Record extracts>

(* Let $n\ge1$, let $F(x,y_0,\ldots,y_n)\not\equiv0$ be holomorphic in a neighbourhood of $0\in\mathbb{C}^{n+2}$ with $F(0)=0$, and let $\varphi=\sum_{k=1}^{\infty}c_k(t)x^{\lambda_k}$ ($t=\ln x$, $c_k\in\mathbb{C}[t]$, $c_1\not\equiv0$, $\lambda_k\in\mathbb{C}$, $0<\mathrm{Re}\,\lambda_1\le\mathrm{Re}\,\lambda_2\le\ldots\to\infty$) be a Dulac series which is a formal solution of $F(x,y,\delta y,\ldots,\delta^ny)=0$, $\delta=x\,d/dx$. Assume $F'_{y_n}(x,\varphi,\ldots,\delta^n\varphi)\not\equiv0$ and that for each $j=0,\ldots,n$, $$F'_{y_j}(x,\varphi,\ldots,\delta^n\varphi)=A_j\,x^{\nu}+B_j(t)\,x^{\nu_j}+\ldots,\qquad A_j\in\mathbb{C},\ B_j\in\mathbb{C}[t]\setminus\{0\},\ \mathrm{Re}\,\nu_j>\mathrm{Re}\,\nu,$$ where the dots denote terms $b(t)x^\sigma$ with $\mathrm{Re}\,\sigma\ge\mathrm{Re}\,\nu_j$, $\nu\in\mathbb{C}$ is common to all $j$, and at least one $A_j\ne0$. Let $\ell=\max\{j\mid A_j\ne0\}$, let $s=+\infty$ if $A_n\ne0$ and $s=\min_{j>\ell}(\mathrm{Re}\,\nu_j-\mathrm{Re}\,\nu)/(j-\ell)$ if $A_n=0$, and let $\tau=(n-\ell)s$ if $\ell<n$ and $\tau=0$ if $\ell=n$. For $m\in\mathbb{N}$ put $\varphi_m=\sum_{k=1}^mc_k(t)x^{\lambda_k}$. Then there exists $m\in\mathbb{N}$ such that the substitution $y=\varphi_m+x^{\lambda_m}u$ transforms the equation $F(x,y,\delta y,\ldots,\delta^ny)=0$ (after division by $x^{\lambda_m+\nu}$) into an equation of the form $$L(\lambda_m+\delta)u+\widetilde{L}(t,x,\lambda_m+\delta)u+N\bigl(t,x,x^{\tau}u,x^{\tau}(\lambda_m+\delta)u,\ldots,x^{\tau}(\lambda_m+\delta)^nu\bigr)=0,$$ where: - $L(\zeta)=\sum_{j=0}^{\ell}A_j\zeta^j$, and $L(\lambda_m+z)\ne0$ for all $z\in\mathbb{C}$ with $\mathrm{Re}\,z\ge0$; - $\widetilde{L}(t,x,\zeta)=\sum_{j=0}^{n}\bigl(B_j(t)x^{\mu_j}+\ldots\bigr)\zeta^j\in\mathcal{D}^{\circ}[\zeta]$ with $\mu_j=\nu_j-\nu$ (each coefficient is a convergent Dulac series with leading term $B_j(t)x^{\mu_j}$); - $N(t,x,u_0,\ldots,u_n)=\sum_{\mathbf{q}\in\mathbb{Z}_+^{n+1}}a_{\mathbf{q}}(t,x)u_0^{q_0}\cdots u_n^{q_n}$ with $a_{\mathbf{q}}\in\mathcal{D}^{\circ}$, is holomorphic in $(u_0,\ldots,u_n)$ in a neighbourhood of $0\in\mathbb{C}^{n+1}$, and contains no terms of degree exactly one in $u_0,\ldots,u_n$.
   Context: Dulac series, the action of $\delta$ on them ($\delta\sum c_k(t)x^{\lambda_k}=\sum(\lambda_k+d/dt)c_k(t)x^{\lambda_k}$; note $\delta(x^{\lambda_m}u)=x^{\lambda_m}(\lambda_m+\delta)u$), substitution into holomorphic $F$ via Taylor series, and formal solutions are as usual. $\mathcal{D}^{\circ}$ denotes the ring of Dulac series (exponents with positive real parts, real parts tending to infinity, polynomial coefficients in $t=\ln x$) that converge in some open sector with vertex at $0$, of sufficiently small radius and opening less than $2\pi$. *)

theory Defs
  imports "HOL-Analysis.Analysis" "HOL-Computational_Algebra.Polynomial"
begin

text \<open>Formal Dulac series: a map from exponents (complex) to polynomial coefficients in t = ln x.
  D represents the formal sum over l of (D l)(t) x^l.\<close>
type_synonym dulac = "complex \<Rightarrow> complex poly"

definition dulac :: "dulac \<Rightarrow> bool" where
  "dulac D \<longleftrightarrow> (\<forall>R. finite {l. D l \<noteq> 0 \<and> Re l < R})"

definition dmon :: "complex \<Rightarrow> complex poly \<Rightarrow> dulac" where
  "dmon a p = (\<lambda>l. if l = a then p else 0)"

definition dadd :: "dulac \<Rightarrow> dulac \<Rightarrow> dulac" where
  "dadd D E = (\<lambda>l. D l + E l)"

definition dmul :: "dulac \<Rightarrow> dulac \<Rightarrow> dulac" where
  "dmul D E = (\<lambda>s. \<Sum>a | D a \<noteq> 0 \<and> E (s - a) \<noteq> 0. D a * E (s - a))"

fun dpow :: "dulac \<Rightarrow> nat \<Rightarrow> dulac" where
  "dpow D 0 = dmon 0 1"
| "dpow D (Suc k) = dmul D (dpow D k)"

fun dprodn :: "nat \<Rightarrow> (nat \<Rightarrow> dulac) \<Rightarrow> dulac" where
  "dprodn 0 G = dmon 0 1"
| "dprodn (Suc k) G = dmul (dprodn k G) (G k)"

What is required> Repeat the lines above, from the one containing "E = (\<lambda>s." to the final line, word for word and with nothing else.

Written answer>
  "dmul D E = (\<lambda>s. \<Sum>a | D a \<noteq> 0 \<and> E (s - a) \<noteq> 0. D a * E (s - a))"

fun dpow :: "dulac \<Rightarrow> nat \<Rightarrow> dulac" where
  "dpow D 0 = dmon 0 1"
| "dpow D (Suc k) = dmul D (dpow D k)"

fun dprodn :: "nat \<Rightarrow> (nat \<Rightarrow> dulac) \<Rightarrow> dulac" where
  "dprodn 0 G = dmon 0 1"
| "dprodn (Suc k) G = dmul (dprodn k G) (G k)"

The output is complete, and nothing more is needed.